Invention Title:

METHOD AND APPARATUS FOR VIDEO CODING USING DEEP LEARNING BASED IN-LOOP FILTER FOR INTER PREDICTION

Publication number:

US20260039825

Publication date:
Section:

Electricity

Class:

H04N19/124

Inventors:

Assignees:

Applicants:

Smart overview of the Invention

A novel method and apparatus for video coding are introduced, leveraging a deep learning-based in-loop filter for inter-prediction. This approach targets both predictive frames (P-frames) and bi-predictive frames (B-frames) to address image distortion levels that vary with quantization parameter (QP) values. The technique aims to enhance video quality and coding efficiency by effectively mitigating these distortions.

Technical Background

Video data, due to its extensive size compared to audio or still images, demands significant hardware resources for storage or transmission. Traditional compression techniques like H.264/AVC, HEVC, and VVC have improved efficiency, yet as video resolution and frame rates increase, the need for more advanced compression methods grows. Deep learning-based image processing has emerged as a promising enhancement to existing video encoding techniques, offering improved coding efficiency and image quality.

Innovative Approach

The disclosed method enhances video quality through a deep learning-based apparatus that processes reconstructed frames and decoded QP values. The apparatus calculates an embedding vector or estimates image distortion using deep learning models. A denoising model then utilizes this information to remove quantization noise, resulting in an enhanced frame. This process is applied to both P-frames and B-frames, optimizing the video coding process by adapting to the varying distortion levels induced by different QP values.

Apparatus and Methodology

The video encoding apparatus comprises several components, including a picture splitter, predictor, subtractor, transformer, and more, each potentially implemented in hardware or software. The apparatus processes video sequences by splitting pictures into coding tree units (CTUs) and further into coding units (CUs) using tree structures like quadtree, binarytree, and ternarytree. This hierarchical splitting facilitates efficient encoding and decoding, with information encoded as syntax in various parameter sets and headers.

Detailed Implementation

The picture splitter determines CTU sizes and recursively splits them into CUs using a combination of tree structures.

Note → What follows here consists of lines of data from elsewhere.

lemma compact_bounded_functions: "compact (PiE UNIV (\<lambda>_. {..<n}) :: ('v \<Rightarrow> nat) set)"
proof -
  have "compactin (product_topology (\<lambda>_. euclidean) UNIV) (PiE UNIV (\<lambda>_. {..<n}) :: ('v \<Rightarrow> nat) set)"
    by (subst compactin_PiE) (auto intro: finite_imp_compact)
  then show ?thesis
    by (simp add: euclidean_product_topology)
qed

lemma colorable_on_compactness:
  fixes E :: "'v set set"
  assumes finite_edges: "\<forall>e\<in>E. finite e" and "0 < n"
    and finite_parts: "\<And>A. finite A \<Longrightarrow> colorable_on E n A"
  shows "colorable_on E n UNIV"
proof -
  define K :: "('v \<Rightarrow> nat) set" where "K = PiE UNIV (\<lambda>_. {..<n})"
  define F where "F e = {\<theta>::'v \<Rightarrow> nat. \<exists>x\<in>e. \<exists>y\<in>e. \<theta> x \<noteq> \<theta> y}" for e
  have "K \<inter> \<Inter>(F ` E) \<noteq> {}"
  proof (rule compact_imp_fip)
    show "compact K"
      unfolding K_def by (rule compact_bounded_functions)
    show "closed T" if "T \<in> F ` E" for T
      using that finite_edges closed_nonconstant_on unfolding F_def by blast
    fix \<F> assume \<F>: "finite \<F>" "\<F> \<subseteq> F ` E"
    then obtain E' where E': "E' \<subseteq> E" "finite E'" "\<F> = F ` E'"
      using finite_subset_image[OF \<F>] by blast
    then have "finite (\<Union>E')"
      using finite_edges by blast
    then obtain \<theta> :: "'v \<Rightarrow> nat" where \<theta>: "\<forall>x\<in>\<Union>E'. \<theta> x < n"
      "no_monochromatic_edge {e\<in>E. e \<subseteq> \<Union>E'} \<theta>"
      using finite_parts[OF \<open>finite (\<Union>E')\<close>] unfolding colorable_on_def by blast
    define \<theta>' where "\<theta>' x = (if x \<in> \<Union>E' then \<theta> x else 0)" for x
    have "\<theta>' \<in> K"
      using \<theta>(1) \<open>0 < n\<close> by (auto simp: K_def \<theta>'_def PiE_iff)
    moreover have "\<theta>' \<in> F e" if "e \<in> E'" for e
    proof -
      have "e \<in> {e\<in>E. e \<subseteq> \<Union>E'}"
        using that E'(1) by blast
      with \<theta>(2) have "\<exists>x\<in>e. \<exists>y\<in>e. \<theta> x \<noteq> \<theta> y"
        unfolding no_monochromatic_edge_def by (rule bspec)
      moreover have "\<theta>' x = \<theta> x" if "x \<in> e" for x
        using that \<open>e \<in> E'\<close> by (auto simp: \<theta>'_def)
      ultimately show ?thesis
        unfolding F_def by auto
    qed
    ultimately show "K \<inter> \<Inter>\<F> \<noteq> {}"
      using E'(3) by blast
  qed
  then obtain \<theta> where "\<theta> \<in> K" "\<And>e. e \<in> E \<Longrightarrow> \<theta> \<in> F e"
    by blast
  then have "\<forall>x. \<theta> x < n" "no_monochromatic_edge E \<theta>"
    unfolding K_def F_def no_monochromatic_edge_def by auto
  then show ?thesis
    unfolding colorable_on_UNIV by blast
qed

The quadtree plus binarytree ternarytree (QTBTTT) structure is one such method, allowing for flexible and efficient block splitting. Flags indicating split decisions and directions are encoded and transmitted to a video decoding apparatus, ensuring accurate reconstruction. This detailed approach underpins the video coding method, enhancing efficiency and quality through deep learning-based innovations.